• [WHAT IS REQUIRED]: Return all lines from the entries below in which the word "with" is present.

• [AVAILABLE RECORDS]:
lemma Ulow_subset_closure_inj:
  fixes U :: "(nat \<Rightarrow> 'k::{field,t2_space}) set"
  assumes tf: "top_field TYPE('k)" and adm: "admissible_domain d U"
  shows "Ulow d U \<gamma> \<subseteq> Kn (d + absm d \<gamma>) closure_of {z \<in> Ulow d U \<gamma>. inj_on z {..<d + absm d \<gamma>}}"
proof
  let ?N = "d + absm d \<gamma>"
  fix y assume y: "y \<in> Ulow d U \<gamma>"
  have "\<exists>z\<in>T. z \<in> Ulow d U \<gamma> \<and> inj_on z {..<?N}" if T: "openin (Kn ?N) T" "y \<in> T" for T
  proof -
    obtain S where S: "\<And>p. p < ?N \<Longrightarrow> infinite (S p)" "PiE {..<?N} S \<subseteq> T \<inter> Ulow d U \<gamma>"
    proof -
      from adm consider (open_domain) "openin (Kn d) U"
        | (product_domain) Us where "U = PiE {..<d} Us" "\<And>i. i < d \<Longrightarrow> Us i \<subseteq> closure (interior (Us i))"
        unfolding admissible_domain_def by blast
      then show thesis
      proof cases
        case open_domain
        have "openin (Kn ?N) (T \<inter> Ulow d U \<gamma>)"
          using T(1) openin_Ulow[OF open_domain] by (simp add: openin_Int)
        moreover have "y \<in> T \<inter> Ulow d U \<gamma>" using T(2) y by blast
        ultimately obtain V where V: "\<And>p. p < ?N \<Longrightarrow> open (V p) \<and> y p \<in> V p"
          "PiE {..<?N} V \<subseteq> T \<inter> Ulow d U \<gamma>"
          by (rule openin_Kn_box) blast
        have "infinite (V p)" if "p < ?N" for p
          using V(1)[OF that] by (intro top_field_open_infinite[OF tf]) auto
        then show thesis using V(2) by (rule that)
      next
        case product_domain
        obtain V where V: "\<And>p. p < ?N \<Longrightarrow> open (V p) \<and> y p \<in> V p" "PiE {..<?N} V \<subseteq> T"
          by (rule openin_Kn_box[OF T]) blast
        obtain S' where S': "\<forall>p<?N. infinite (S' p) \<and> S' p \<subseteq> V p" "PiE {..<?N} S' \<subseteq> Ulow d U \<gamma>"
          using Ulow_PiE_infinite_box[OF tf product_domain y V(1)] by blast
        have "PiE {..<?N} S' \<subseteq> PiE {..<?N} V"
          using S'(1) by (intro PiE_mono) simp
        then have "PiE {..<?N} S' \<subseteq> T" using V(2) by (rule order_trans)
        then have sub: "PiE {..<?N} S' \<subseteq> T \<inter> Ulow d U \<gamma>" using S'(2) by (rule Int_greatest)
        have inf: "infinite (S' p)" if "p < ?N" for p using S'(1) that by simp
        show thesis by (rule that[OF inf sub])
      qed
    qed
    obtain z where "z \<in> PiE {..<?N} S" "inj_on z {..<?N}"
      using ex_inj_on_PiE[of "{..<?N}" S] S(1) by auto
    then show ?thesis using S(2) by blast
  qed
  moreover have "y \<in> topspace (Kn ?N)" using y by (simp add: Ulow_def)
  ultimately show "y \<in> Kn ?N closure_of {z \<in> Ulow d U \<gamma>. inj_on z {..<?N}}"
    unfolding in_closure_of by blast
qed
lemma ve_invariant_VE2:
  assumes inv: "ve_invariant P (insert (Flex F xs, Flex G ys) Q, \<sigma>)"
    and new: "(Flex F xs, Flex G ys) \<notin> Q"
    and zs: "zs = filter (\<lambda>x. x \<in> set ys) xs"
    and H: "H \<notin> fv_prob (insert (Flex F xs, Flex G ys) Q)"
    and \<theta>: "\<theta> = (var_term(G := lams (args_of (snd G))
        (Flex H (map (\<lambda>z. length ys - 1 - idx ys z) zs))))
      (F := lams (args_of (snd F)) (Flex H (map (\<lambda>z. length xs - 1 - idx xs z) zs)))"
    and wt: "wt_subst \<theta>"
  shows "ve_invariant P (subst_eq \<theta> ` Q, comp_s \<sigma> \<theta>)"
proof -
  let ?e = "(Flex F xs, Flex G ys)"
  have sc: "scoped_prob (insert ?e Q)" and iso: "isolated_lhs (insert ?e Q)"
    and wt\<sigma>: "wt_subst \<sigma>" and lift: "lifts_unifiers \<sigma> (insert ?e Q) P"
    using inv by (simp_all add: ve_invariant_def)
  obtain n where "scoped n (Flex F xs)" "scoped n (Flex G ys)"
    using sc by auto
  then have len: "length xs = length (args_of (snd F))" "length ys = length (args_of (snd G))"
    by (simp_all add: arity_def)
  have "F \<noteq> G"
    using isolated_lhs_insertD[OF iso new] by simp
  have "subst \<theta> (Flex F xs) = Flex H zs"
    by (rule subst_Flex_VE2[OF _ len(1)]) (auto simp: \<theta> zs)
  moreover have "subst \<theta> (Flex G ys) = Flex H zs"
    using \<open>F \<noteq> G\<close> by (intro subst_Flex_VE2[OF _ len(2)]) (auto simp: \<theta> zs)
  ultimately have "lifts_unifiers \<theta> (subst_eq \<theta> ` Q) (insert ?e Q)"
    by (intro lifts_unifiers_solved[OF sc wt_subst_scoped[OF wt]]) simp
  moreover have "isolated_lhs (subst_eq \<theta> ` Q)"
    by (rule isolated_lhs_image_subst_eq[OF iso new, where V = "{F, G}" and H = H])
      (use H in \<open>auto simp: \<theta>\<close>)
  ultimately show ?thesis
    using sc scoped_prob_image_subst_eq[OF _ wt_subst_scoped[OF wt]] wt_subst_comp_s[OF wt\<sigma> wt]
      lifts_unifiers_comp_s[OF lift _ wt\<sigma> wt_subst_scoped[OF wt]]
    by (simp add: ve_invariant_def)
qed

lemma ve_step_invariant: "ve_step W p q \<Longrightarrow> ve_invariant P p \<Longrightarrow> ve_invariant P q"
proof (induction rule: ve_step.induct)
  case (VE1 Q F xs a ss Q0 Hs \<sigma> \<theta>)
  then show ?case
    using ve_invariant_VE1[of P F xs a ss Q0 \<sigma> Hs \<theta>] by blast
next
  case (VE2 Q F xs G ys Q0 zs H \<sigma> \<theta>)
  then show ?case
    using ve_invariant_VE2[of P F xs G ys Q0 \<sigma> zs H \<theta>] by blast
qed

lemma var_elim_unifies:
  assumes ve: "var_elim W t s \<phi>" and "scoped n t" "scoped n s" and "fv t = {F}" "F \<notin> fv s"
  shows "wt_subst \<phi> \<and> subst \<phi> t = subst \<phi> s"
proof -
  have "scoped_prob {(t, s)}"
    using assms(2,3) by auto
  then have "ve_invariant {(t, s)} ({(t, s)}, idsub)"
    using assms(4,5) wt_subst_idsub lifts_unifiers_idsub
    by (simp add: ve_invariant_def isolated_lhs_def fv_prob_def)
  with ve have "ve_invariant {(t, s)} ({}, \<phi>)"
    unfolding var_elim_def by (induction rule: rtranclp_induct) (auto intro: ve_step_invariant)
  then have "wt_subst \<phi>" and "lifts_unifiers \<phi> {} {(t, s)}"
    by (simp_all add: ve_invariant_def)
  then show ?thesis
    using lifts_unifiers_unifies[of \<phi> "{(t, s)}"] by simp
qed

section \<open>One step of HOPSU\<close>

lemma subst_Flex_SV:
  assumes "\<theta> F = lams (args_of (snd F))
      (Flex H [length xs - 1 - i. i \<leftarrow> [0..<length xs], xs ! i = ys ! i])"
    and "scoped_prob (insert (Flex F xs, Flex F ys) P)" and "length xs = length ys"
  shows "subst \<theta> (Flex F xs) = subst \<theta> (Flex F ys)"
proof -
  let ?L = "[length xs - 1 - i. i \<leftarrow> [0..<length xs], xs ! i = ys ! i]"
  have "length xs = length (args_of (snd F))"
    using assms(2) by (auto simp: arity_def)
  moreover have "map ((!) (rev xs)) ?L = map ((!) (rev ys)) ?L"
    using assms(3) by (auto simp: rev_nth)
  ultimately show ?thesis
    using subst_Flex_lams[where \<theta> = \<theta> and F = F, OF assms(1)] assms(3) by simp
qed

lemma var_elim_restr_unifies:
  assumes "var_elim W (Flex F xs) u \<phi>" and "scoped_prob (insert (Flex F xs, u) P)"
    and "F \<notin> fv u"
  defines "\<theta> \<equiv> restr \<phi> (insert F (fv u))"
  shows "wt_subst \<theta> \<and> subst \<theta> (Flex F xs) = subst \<theta> u"
proof -
  obtain n where n: "scoped n (Flex F xs)" "scoped n u"
    using assms(2) by auto
  have "wt_subst \<phi> \<and> subst \<phi> (Flex F xs) = subst \<phi> u"
    using var_elim_unifies[OF assms(1) n _ assms(3)] by simp
  moreover have "subst \<theta> (Flex F xs) = subst \<phi> (Flex F xs)" "subst \<theta> u = subst \<phi> u"
    by (auto simp: \<theta>_def restr_def intro: subst_cong)
  ultimately show ?thesis
    by (simp add: \<theta>_def wt_subst_restr)
qed

lemma hstep_wt_subst:
  assumes "config \<mu> P \<sigma> d" and "hstep RA \<mu> P \<sigma> d P' \<theta> d'"
  shows "wt_subst \<theta>"
  using assms(2)
proof cases
  case (LF F xs u P0 \<phi>)
  with config_scoped_prob[OF assms(1)] show ?thesis
    using var_elim_restr_unifies by blast
qed (simp_all add: wt_subst_idsub)

lemma hstep_cut_le: "\<mu> \<le> 1 \<Longrightarrow> hstep RA \<mu> P \<sigma> d P' \<theta> d' \<Longrightarrow> \<mu> \<le> d'"
  by (erule hstep.cases) simp_all

lemma degree_comp_s_solved:
  assumes "finite Q" and "scoped_prob (insert e Q)" and "similarity RA"
    and "scoped_subst \<theta>" and "scoped_subst \<tau>" and "subst \<theta> (fst e) = subst \<theta> (snd e)"
  shows "degree RA (insert e Q) (comp_s \<theta> \<tau>) = min 1 (degree RA (subst_eq \<theta> ` Q) \<tau>)"
proof -
  have "degree RA (insert e Q) (comp_s \<theta> \<tau>) = degree RA (subst_eq \<theta> ` insert e Q) \<tau>"
    using degree_image_subst_eq[OF assms(2,4,5)] by simp
  also have "\<dots> = min (eqn_degree RA \<tau> (subst_eq \<theta> e)) (degree RA (subst_eq \<theta> ` Q) \<tau>)"
    using assms(1) by (simp add: degree_insert)
  also have "eqn_degree RA \<tau> (subst_eq \<theta> e) = 1"
    using assms(3,6) simt_refl by (simp add: eqn_degree_def subst_eq_def)
  finally show ?thesis .
qed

• [OUTPUT FOR THIS TASK]:
  with ve have "ve_invariant {(t, s)} ({}, \<phi>)"
  with config_scoped_prob[OF assms(1)] show ?thesis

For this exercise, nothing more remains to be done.